:: PROMPT ::
Output must match the data below exactly from its first line through the line that contains "from ext_convex_real_comb[OF assms(1)", with no other line.

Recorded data

lemma prox_objective_midpoint_le:
  fixes g :: "'a::real_inner \<Rightarrow> ereal"
  assumes "ext_convex g" "0 < \<gamma>"
    and u: "prox_objective \<gamma> g c u = ereal \<phi>u" and v: "prox_objective \<gamma> g c v = ereal \<phi>v"
  shows "prox_objective \<gamma> g c ((1/2) *\<^sub>R (u + v)) \<le> ereal ((\<phi>u + \<phi>v) / 2 - (norm (u - v))\<^sup>2 / (8 * \<gamma>))"
proof -
  define q where "q w = 1 / (2 * \<gamma>) * (norm (c - w))\<^sup>2" for w
  have "g u = ereal (\<phi>u - q u)" "g v = ereal (\<phi>v - q v)"
    using u v unfolding prox_objective_def q_def by (cases "g u"; cases "g v"; auto)+
  from ext_convex_real_comb[OF assms(1) this, of "1/2"]
  have g_mid: "g ((1/2) *\<^sub>R (u + v)) \<le> ereal ((\<phi>u - q u) / 2 + (\<phi>v - q v) / 2)"
    by (simp add: scaleR_add_right)
  have q_mid: "q ((1/2) *\<^sub>R (u + v)) = (q u + q v) / 2 - (norm (u - v))\<^sup>2 / (8 * \<gamma>)"
    unfolding q_def norm_minus_midpoint_sq using assms(2) by (simp add: field_simps)
  have "prox_objective \<gamma> g c ((1/2) *\<^sub>R (u + v)) = g ((1/2) *\<^sub>R (u + v)) + ereal (q ((1/2) *\<^sub>R (u + v)))"
    by (simp add: prox_objective_def q_def)
  also have "\<dots> \<le> ereal ((\<phi>u - q u) / 2 + (\<phi>v - q v) / 2) + ereal (q ((1/2) *\<^sub>R (u + v)))"
    using g_mid by (rule add_right_mono)
  also have "\<dots> = ereal ((\<phi>u + \<phi>v) / 2 - (norm (u - v))\<^sup>2 / (8 * \<gamma>))"
    unfolding q_mid by (simp add: field_simps)
  finally show ?thesis .
qed
lemma pprod_map_pvar: "pprod (map pvar u) = pword u"
proof (induction u)
  case Nil
  show ?case by (simp add: pone_def pword_def)
next
  case (Cons i u)
  have "pvar i = (pword [i] :: 'a npoly)"
    by (simp add: pvar_def pword_def)
  thus ?case
    using Cons.IH pmul_pword[of "[i]" u] by simp
qed

lemma psubst_eq_self:
  assumes "f \<in> freealg_n n" "\<And>i. 1 \<le> i \<Longrightarrow> i \<le> n \<Longrightarrow> \<sigma> i = pvar i"
  shows "psubst \<sigma> f = f"
proof
  fix w
  have "psubst \<sigma> f w = (\<Sum>u\<in>{u. f u \<noteq> 0}. if u = w then f u else 0)"
    unfolding psubst_def
  proof (intro sum.cong refl)
    fix u assume "u \<in> {u. f u \<noteq> 0}"
    hence "set u \<subseteq> {1..n}"
      using assms(1) by (auto simp: freealg_n_def)
    hence "map \<sigma> u = map pvar u"
      using assms(2) by (intro map_cong) auto
    thus "f u * pprod (map \<sigma> u) w = (if u = w then f u else 0)"
      by (simp only: pprod_map_pvar) (simp add: pword_def)
  qed
  also have "\<dots> = f w"
    using assms(1) by (simp add: freealg_n_def freealg_def sum.delta')
  finally show "psubst \<sigma> f w = f w" .
qed

subsection \<open>Evaluation is a homomorphism\<close>

definition glincomb :: "'k::field npoly \<Rightarrow> (nat list \<Rightarrow> 'k gr) \<Rightarrow> 'k gr" where
  "glincomb p h = (\<lambda>S. \<Sum>w\<in>psupp p. p w * h w S)"

lemma evalA_eq_glincomb: "evalA \<phi> p =
    (glincomb p (\<lambda>w. fst (utprod (map \<phi> w))),
     glincomb p (\<lambda>w. fst (snd (utprod (map \<phi> w)))),
     glincomb p (\<lambda>w. snd (snd (utprod (map \<phi> w)))))"
  by (simp add: evalA_def glincomb_def psupp_def)

lemma glincomb_superset:
  assumes "finite W" "psupp p \<subseteq> W"
  shows "glincomb p h = (\<lambda>S. \<Sum>w\<in>W. p w * h w S)"
  using assms by (auto simp: glincomb_def psupp_def intro!: ext sum.mono_neutral_left)
(* Let $f\in\mathcal{S}(\mathbb{R})$ and fix $n\in\{0,1,2,3,\dots\}$. Then $D^{n+\frac1k}f(x)\to D^n f(x)$ as $k\to\infty$, uniformly in $x\in\mathbb{R}$.
   Context: $\mathcal{S}(\mathbb{R})$ is the Schwartz space. The Fourier transform is $\hat f(p)=\frac{1}{\sqrt{2\pi}}\int_{\mathbb{R}}e^{-ipx}f(x)\,dx$. For $\alpha\ge0$, $D^\alpha f(x)=\frac{1}{\sqrt{2\pi}}\int_{\mathbb{R}}e^{ipx}(ip)^\alpha\hat f(p)\,dp$, with $i^\alpha=\cos(\alpha\pi/2)+i\sin(\alpha\pi/2)$ and $(ip)^\alpha=i^\alpha p^\alpha$ for $p\ge0$, $(ip)^\alpha=(-i)^\alpha|p|^\alpha$ for $p<0$ (principal branch). For integer $n$, $D^n f=\frac{d^n f}{dx^n}$. *)

theory Defs
  imports "HOL-Analysis.Analysis"
begin

fun hderiv :: "nat \<Rightarrow> (real \<Rightarrow> complex) \<Rightarrow> real \<Rightarrow> complex" where
  "hderiv 0 f = f"
| "hderiv (Suc j) f = (\<lambda>x. vector_derivative (hderiv j f) (at x))"

definition schwartz :: "(real \<Rightarrow> complex) \<Rightarrow> bool" where
  "schwartz f \<longleftrightarrow>
     (\<forall>j x. hderiv j f differentiable (at x)) \<and>
     (\<forall>m j. \<exists>C. \<forall>x. \<bar>x\<bar> ^ m * norm (hderiv j f x) \<le> C)"

definition fourier :: "(real \<Rightarrow> complex) \<Rightarrow> real \<Rightarrow> complex" where
  "fourier f p = complex_of_real (1 / sqrt (2 * pi)) *
     (LINT x|lborel. cis (- (p * x)) * f x)"

text \<open>|p|^alpha, with the convention |p|^0 = 1 (also at p = 0).\<close>
definition rpow :: "real \<Rightarrow> real \<Rightarrow> real" where
  "rpow \<alpha> p = (if \<alpha> = 0 then 1 else \<bar>p\<bar> powr \<alpha>)"

text \<open>(ip)^alpha, principal branch: i^alpha p^alpha for p \<ge> 0, (-i)^alpha |p|^alpha for p < 0,
  where i^alpha = cos(alpha pi/2) + i sin(alpha pi/2) and (-i)^alpha = cos(alpha pi/2) - i sin(alpha pi/2).\<close>
definition ipow :: "real \<Rightarrow> real \<Rightarrow> complex" where
  "ipow \<alpha> p = (if p \<ge> 0 then cis (\<alpha> * pi / 2) else cis (- (\<alpha> * pi / 2))) *
                complex_of_real (rpow \<alpha> p)"

definition fracD :: "real \<Rightarrow> (real \<Rightarrow> complex) \<Rightarrow> real \<Rightarrow> complex" where
  "fracD \<alpha> f x = complex_of_real (1 / sqrt (2 * pi)) *
     (LINT p|lborel. cis (p * x) * ipow \<alpha> p * fourier f p)"

end

theory Submission
  imports Defs "HOL-Probability.Sinc_Integral"
begin
(* Let $K\ge 1$ and let $\lambda_i>0$, $c_i>0$ for $i=1,\dots,K$. Let $\eta_1,\dots,\eta_K$ be independent random variables with $\eta_i\sim\mathrm{GG}(\lambda_i,c_i,1)$. Then: (i) if $\Psi=\prod_{i=1}^K \eta_i$, the sparsity shape parameter of $\Psi$ equals $\min\{\lambda_1,\dots,\lambda_K\}$; (ii) if $\Psi=\sum_{i=1}^K \eta_i$, the sparsity shape parameter of $\Psi$ equals $\sum_{i=1}^K \lambda_i$.
   Context: The gamma-gamma distribution $\mathrm{GG}(\lambda,c,d)$ with $\lambda,c,d>0$ is the distribution on $(0,\infty)$ with density $$g(\Psi)=\left(\frac{1}{d}\right)^{\lambda}\frac{\Gamma(\lambda+c)}{\Gamma(\lambda)\Gamma(c)}\Psi^{\lambda-1}\left(1+\frac{\Psi}{d}\right)^{-(\lambda+c)}.$$ For a positive random variable $\Psi$ with density $p$ on $(0,\infty)$, its sparsity shape parameter is defined as $$\sup\left\{ z \;\middle|\; \frac{p(\Psi)}{\Psi^{z-1}}\to \kappa \text{ as } \Psi\to 0 \text{ for some finite } \kappa\right\}.$$ *)

theory Defs
  imports "HOL-Probability.Probability"
begin

definition gg_density :: "real \<Rightarrow> real \<Rightarrow> real \<Rightarrow> real \<Rightarrow> real" where
  "gg_density lam c d x =
     (if 0 < x then (1 / d) powr lam * (Gamma (lam + c) / (Gamma lam * Gamma c))
        * x powr (lam - 1) * (1 + x / d) powr (- (lam + c))
      else 0)"

definition sparsity_shape :: "(real \<Rightarrow> real) \<Rightarrow> real" where
  "sparsity_shape p =
     Sup {z. \<exists>\<kappa>::real. ((\<lambda>x. p x / x powr (z - 1)) \<longlongrightarrow> \<kappa>) (at_right 0)}"

text \<open>p is a (nonnegative) density of X w.r.t. Lebesgue measure which is continuous on (0, infinity).
  Such a version is unique on (0, infinity), which makes the sparsity shape parameter well defined.\<close>
definition cont_density :: "'a measure \<Rightarrow> ('a \<Rightarrow> real) \<Rightarrow> (real \<Rightarrow> real) \<Rightarrow> bool" where
  "cont_density M X p \<longleftrightarrow>
     distributed M lborel X (\<lambda>x. ennreal (p x)) \<and> (\<forall>x. 0 \<le> p x) \<and> continuous_on {0<..} p"
(* Let $\mathcal{G}=(\mathcal{V},\mathcal{E})$ be a connected time-invariant undirected graph on $\mathcal{V}=\{1,\dots,n\}$ with fixed weights $w_{ij}$ satisfying the standing weight conventions. Suppose each agent $i$ has initial state $\mu_i(0)\in\mathfrak{U}_2(\mathbb{R})$ and updates by $\mu_i(t+1)=\operatorname{argmin}_{\eta\in\mathfrak{U}_2(\mathbb{R})}\sum_{j\in\mathcal{N}_i}w_{ij}\ell_2(\eta,\mu_j(t))^2$. Then there exists $\mu^\ast\in\mathfrak{U}_2(\mathbb{R})$ such that for every $i\in\mathcal{V}$, $\ell_2(\mu_i(t),\mu^\ast)\to0$ at an exponential rate as $t\to\infty$.
   Context: $\mathfrak{U}_2(\mathbb{R})$ is the set of Borel probability measures on $\mathbb{R}$ with finite second moment; $\ell_2$ is the 2-Wasserstein distance $\ell_2(\mu,\nu)=\big(\inf_{\gamma\in\Gamma(\mu,\nu)}\int|x-y|^2d\gamma\big)^{1/2}$ over couplings. $\mathcal{N}_i=\{j:(i,j)\in\mathcal{E}\}$ contains $i$; $w_{ij}>0$ iff $j\in\mathcal{N}_i$, $w_{ij}=0$ otherwise, $\sum_jw_{ij}=1$, $w_{ii}>0$. Exponential rate means there exist $C>0$, $\rho\in(0,1)$ with $\ell_2(\mu_i(t),\mu^\ast)\le C\rho^t$ for all $t$. *)

theory Defs
  imports "HOL-Probability.Probability"
begin

definition P2 :: "real measure set" where
  "P2 = {\<mu>. prob_space \<mu> \<and> sets \<mu> = sets (borel :: real measure) \<and>
              integrable \<mu> (\<lambda>x. x ^ 2)}"

definition couplings :: "real measure \<Rightarrow> real measure \<Rightarrow> (real \<times> real) measure set" where
  "couplings \<mu> \<nu> = {\<gamma>. prob_space \<gamma> \<and> sets \<gamma> = sets (borel \<Otimes>\<^sub>M borel) \<and>
                       distr \<gamma> borel fst = \<mu> \<and> distr \<gamma> borel snd = \<nu>}"

definition W2sq :: "real measure \<Rightarrow> real measure \<Rightarrow> ennreal" where
  "W2sq \<mu> \<nu> = (INF \<gamma>\<in>couplings \<mu> \<nu>. \<integral>\<^sup>+ z. ennreal ((fst z - snd z) ^ 2) \<partial>\<gamma>)"

definition wass2 :: "real measure \<Rightarrow> real measure \<Rightarrow> real" where
  "wass2 \<mu> \<nu> = sqrt (enn2real (W2sq \<mu> \<nu>))"

end

theory Submission
  imports Defs
begin

(*
  On the real line the 2-Wasserstein distance is the L2 distance between quantile
  functions: realising every measure mu by its quantile function Q(mu) on the uniform space
  (0,1), one has W2(mu,nu)^2 = integral of (Q(mu) - Q(nu))^2.  Consequently the barycentric
  update is linear on quantiles: the quantile function of a weighted barycenter is almost
  everywhere the weighted average of the neighbours' quantile functions.  For almost every
  level u the numbers Q(mu_i(t))(u) therefore follow the linear consensus iteration
  x(t+1) = W x(t), which contracts the spread max - min geometrically, because every agent
  reaches every other one by walks of a fixed length N carrying weight at least delta^N.
  The pointwise limits L(u) are the quantiles of the consensus measure, and integrating the
  pointwise geometric bound gives the exponential rate in W2.
*)

section \<open>Quantile functions on the uniform space\<close>

definition unif01 :: "real measure" where
  "unif01 = restrict_space lborel {0<..<1}"
(* Let $\mathfrak{H}$ be a Euclidean space and let $(\mathcal{X},\mathsf{S},\gamma,(\Lambda_{a})_{a\in\mathcal{A}})$ be a spectral decomposition system for $\mathfrak{H}$ such that the set $\{\Lambda_a\}_{a\in\mathcal{A}}$ is closed in $\mathscr{L}(\mathcal{X},\mathfrak{H})$. Let $D$ be a nonempty $\mathsf{S}$-invariant subset of $\mathcal{X}$, let $x,y\in\mathcal{X}$, and let $a\in\mathcal{A}$. Then $y\in N_{\mathsf{F}}(x;D)$ if and only if $\Lambda_a y\in N_{\mathsf{F}}(\Lambda_a x;\gamma^{-1}(D))$.
   Context: A Euclidean space is a finite-dimensional real Hilbert space; $\mathscr{L}(\mathcal{X},\mathfrak{H})$ carries the operator-norm topology. A spectral decomposition system for a Euclidean space $\mathfrak{H}$ is a tuple $(\mathcal{X},\mathsf{S},\gamma,(\Lambda_a)_{a\in\mathcal{A}})$ where $\mathcal{X}$ is a Euclidean space, $\mathsf{S}$ is a group acting on $\mathcal{X}$ such that each map $x\mapsto \mathsf{s}\cdot x$ is a linear isometry, $\gamma\colon\mathfrak{H}\to\mathcal{X}$ is a mapping, and each $\Lambda_a\colon\mathcal{X}\to\mathfrak{H}$ is a linear isometry, such that: [A] there exists a mapping $\tau\colon\mathcal{X}\to\mathcal{X}$ with $\tau(\mathsf{s}\cdot x)=\tau(x)$ for all $\mathsf{s},x$, $\tau(x)\in\mathsf{S}\cdot x$ for all $x$, and $\gamma\circ\Lambda_a=\tau$ for all $a\in\mathcal{A}$; [B] for every $X\in\mathfrak{H}$ there exists $a\in\mathcal{A}$ with $X=\Lambda_a\gamma(X)$; [C] $\langle X,Y\rangle\le\langle\gamma(X),\gamma(Y)\rangle$ for all $X,Y\in\mathfrak{H}$. A set $D\subset\mathcal{X}$ is $\mathsf{S}$-invariant if $\mathsf{s}\cdot x\in D$ for all $x\in D$, $\mathsf{s}\in\mathsf{S}$. For a nonempty subset $C$ of a Euclidean space $\mathcal{H}$, the Fréchet normal cone is $N_{\mathsf{F}}(x;C)=\{y\in\mathcal{H}:\limsup_{z\to x,\,z\in C\setminus\{x\}}\langle z-x,y\rangle/\|z-x\|\le 0\}$ if $x\in C$ and $N_{\mathsf{F}}(x;C)=\varnothing$ if $x\notin C$. *)

theory Defs
  imports "HOL-Analysis.Analysis" "HOL-Algebra.Group_Action"
begin

definition linear_isometry :: "('a::real_normed_vector \<Rightarrow> 'b::real_normed_vector) \<Rightarrow> bool" where
  "linear_isometry f \<longleftrightarrow> linear f \<and> (\<forall>x. norm (f x) = norm x)"

text \<open>Spectral decomposition system (X, S, gamma, (Lambda_a)_a) for the Euclidean space H.
  The group S is a HOL-Algebra group G acting on X (all of the type 'x) via phi;
  the index set A is the type 'a.\<close>
definition spectral_decomposition_system ::
  "('g, 'm) monoid_scheme \<Rightarrow> ('g \<Rightarrow> 'x::euclidean_space \<Rightarrow> 'x) \<Rightarrow> ('h::euclidean_space \<Rightarrow> 'x)
     \<Rightarrow> ('a \<Rightarrow> 'x \<Rightarrow> 'h) \<Rightarrow> bool" where
  "spectral_decomposition_system G \<phi> \<gamma> \<Lambda> \<longleftrightarrow>
     group G \<and> group_action G UNIV \<phi> \<and>
     (\<forall>s\<in>carrier G. linear_isometry (\<phi> s)) \<and>
     (\<forall>a. linear_isometry (\<Lambda> a)) \<and>
     (\<exists>\<tau>. (\<forall>s\<in>carrier G. \<forall>x. \<tau> (\<phi> s x) = \<tau> x) \<and>
          (\<forall>x. \<tau> x \<in> orbit G \<phi> x) \<and>
          (\<forall>a. \<gamma> \<circ> \<Lambda> a = \<tau>)) \<and>
     (\<forall>X. \<exists>a. X = \<Lambda> a (\<gamma> X)) \<and>
     (\<forall>X Y. inner X Y \<le> inner (\<gamma> X) (\<gamma> Y))"

definition S_invariant :: "('g, 'm) monoid_scheme \<Rightarrow> ('g \<Rightarrow> 'x \<Rightarrow> 'x) \<Rightarrow> 'x set \<Rightarrow> bool" where
  "S_invariant G \<phi> D \<longleftrightarrow> (\<forall>x\<in>D. \<forall>s\<in>carrier G. \<phi> s x \<in> D)"

text \<open>Frechet normal cone; the limsup over an empty neighbourhood set is -infinity.\<close>
definition frechet_normal_cone :: "'a::real_inner \<Rightarrow> 'a set \<Rightarrow> 'a set" where
  "frechet_normal_cone x C =
     (if x \<in> C then
        {y. Limsup (at x within (C - {x})) (\<lambda>z. ereal (inner (z - x) y / norm (z - x))) \<le> 0}
      else {})"

end

theory Submission
  imports Defs
begin

(*
  Since \<gamma> \<circ> \<Lambda>\<^sub>a = \<tau> maps into S-orbits, the linear isometry \<Lambda>\<^sub>a maps D into \<gamma>\<^sup>-\<^sup>1(D) and
  x \<in> D iff \<Lambda>\<^sub>a x \<in> \<gamma>\<^sup>-\<^sup>1(D); so a Frechet estimate at \<Lambda>\<^sub>a x pulls back to one at x.
  For the converse, fix e > 0, let Z \<in> \<gamma>\<^sup>-\<^sup>1(D) be at distance \<delta> from \<Lambda>\<^sub>a x and put w = x + (\<delta>/e) y.
  If \<tau>(w) = s \<cdot> w, then z = s\<^sup>-\<^sup>1 \<cdot> \<gamma>(Z) lies in D, has the norm of Z, and by [C]
  \<langle>Z, \<Lambda>\<^sub>a w\<rangle> \<le> \<langle>\<gamma>(Z), s \<cdot> w\<rangle> = \<langle>z, w\<rangle>. Expanding squared norms turns this into a comparison
  between the increments Z - \<Lambda>\<^sub>a x and z - x: it first forces |z - x| = O(\<delta>), so the
  Frechet estimate at x applies to z, and then yields \<langle>Z - \<Lambda>\<^sub>a x, \<Lambda>\<^sub>a y\<rangle> \<le> e \<delta>.
*)

lemma linear_isometry_diff: "linear_isometry f \<Longrightarrow> f u - f v = f (u - v)"
  unfolding linear_isometry_def by (simp add: linear_diff)

lemma linear_isometry_norm: "linear_isometry f \<Longrightarrow> norm (f u) = norm u"
  unfolding linear_isometry_def by simp

lemma linear_isometry_inner:
  assumes "linear_isometry f"
  shows "inner (f u) (f v) = inner u v"
proof -
  have "norm (f u - f v) = norm (u - v)"
    using assms by (simp add: linear_isometry_diff linear_isometry_norm)
  then show ?thesis
    using assms by (simp add: dot_norm_neg[of "f u"] dot_norm_neg[of u] linear_isometry_norm)
qed

lemma frechet_normal_cone_iff:
  fixes x y :: "'a::real_inner"
  shows "y \<in> frechet_normal_cone x C \<longleftrightarrow>
    x \<in> C \<and> (\<forall>e>0. \<forall>\<^sub>F z in at x within C. inner (z - x) y \<le> e * norm (z - x))"
proof -
  let ?q = "\<lambda>z. ereal (inner (z - x) y / norm (z - x))"
  let ?F = "at x within C"
  have Limsup_iff: "Limsup ?F ?q \<le> 0 \<longleftrightarrow> (\<forall>e>0. \<forall>\<^sub>F z in ?F. inner (z - x) y / norm (z - x) \<le> e)"
  proof
    assume "Limsup ?F ?q \<le> 0"
    show "\<forall>e>0. \<forall>\<^sub>F z in ?F. inner (z - x) y / norm (z - x) \<le> e"
    proof (intro allI impI)
      fix e :: real assume "e > 0"
      then have "Limsup ?F ?q < ereal e"
        using \<open>Limsup ?F ?q \<le> 0\<close> by (simp add: le_less_trans[of _ 0])
      then show "\<forall>\<^sub>F z in ?F. inner (z - x) y / norm (z - x) \<le> e"
        by (rule eventually_mono[OF Limsup_lessD]) simp
    qed
  next
    assume "\<forall>e>0. \<forall>\<^sub>F z in ?F. inner (z - x) y / norm (z - x) \<le> e"
    then have "Limsup ?F ?q \<le> 0 + ereal e" if "e > 0" for e
      using that by (intro Limsup_bounded) simp
    then show "Limsup ?F ?q \<le> 0"
      by (rule ereal_le_epsilon2)
  qed
  have quotient_iff: "(\<forall>\<^sub>F z in ?F. inner (z - x) y / norm (z - x) \<le> e) \<longleftrightarrow>
      (\<forall>\<^sub>F z in ?F. inner (z - x) y \<le> e * norm (z - x))" for e
    by (rule eventually_cong[OF eventually_neq_at_within[of x]])
      (simp add: divide_le_eq mult.commute)
  have punctured: "at x within (C - {x}) = ?F"
    by (simp add: at_within_def)
  show ?thesis
    unfolding frechet_normal_cone_def punctured by (simp add: Limsup_iff quotient_iff)
qed

lemma frechet_normal_cone_pullback:
  assumes L: "linear_isometry L" and "L ` C \<subseteq> E" and "x \<in> C"
    and "L y \<in> frechet_normal_cone (L x) E"
  shows "y \<in> frechet_normal_cone x C"
  unfolding frechet_normal_cone_iff
proof (intro conjI allI impI)
  fix e :: real assume "e > 0"
  then obtain d where "d > 0" and d: "\<And>Z. Z \<in> E \<Longrightarrow> Z \<noteq> L x \<Longrightarrow> dist Z (L x) < d \<Longrightarrow>
      inner (Z - L x) (L y) \<le> e * norm (Z - L x)"
    using assms(4) unfolding frechet_normal_cone_iff eventually_at by blast
  have near: "inner (z - x) y \<le> e * norm (z - x)" if "z \<in> C" "z \<noteq> x" "dist z x < d" for z
  proof -
    have dist_L: "norm (L z - L x) = norm (z - x)"
      by (simp add: linear_isometry_diff[OF L] linear_isometry_norm[OF L])
    moreover have "L z \<in> E"
      using assms(2) \<open>z \<in> C\<close> by blast
    moreover have "L z \<noteq> L x"
      using dist_L \<open>z \<noteq> x\<close> by auto
    ultimately show ?thesis
      using d[of "L z"] \<open>dist z x < d\<close>
      by (simp add: dist_norm linear_isometry_diff[OF L] linear_isometry_inner[OF L])
  qed
  show "\<forall>\<^sub>F z in at x within C. inner (z - x) y \<le> e * norm (z - x)"
    unfolding eventually_at using \<open>d > 0\<close> near by blast
qed (use assms in auto)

:: WRITTEN SOLUTION ::
lemma prox_objective_midpoint_le:
  fixes g :: "'a::real_inner \<Rightarrow> ereal"
  assumes "ext_convex g" "0 < \<gamma>"
    and u: "prox_objective \<gamma> g c u = ereal \<phi>u" and v: "prox_objective \<gamma> g c v = ereal \<phi>v"
  shows "prox_objective \<gamma> g c ((1/2) *\<^sub>R (u + v)) \<le> ereal ((\<phi>u + \<phi>v) / 2 - (norm (u - v))\<^sup>2 / (8 * \<gamma>))"
proof -
  define q where "q w = 1 / (2 * \<gamma>) * (norm (c - w))\<^sup>2" for w
  have "g u = ereal (\<phi>u - q u)" "g v = ereal (\<phi>v - q v)"
    using u v unfolding prox_objective_def q_def by (cases "g u"; cases "g v"; auto)+
  from ext_convex_real_comb[OF assms(1) this, of "1/2"]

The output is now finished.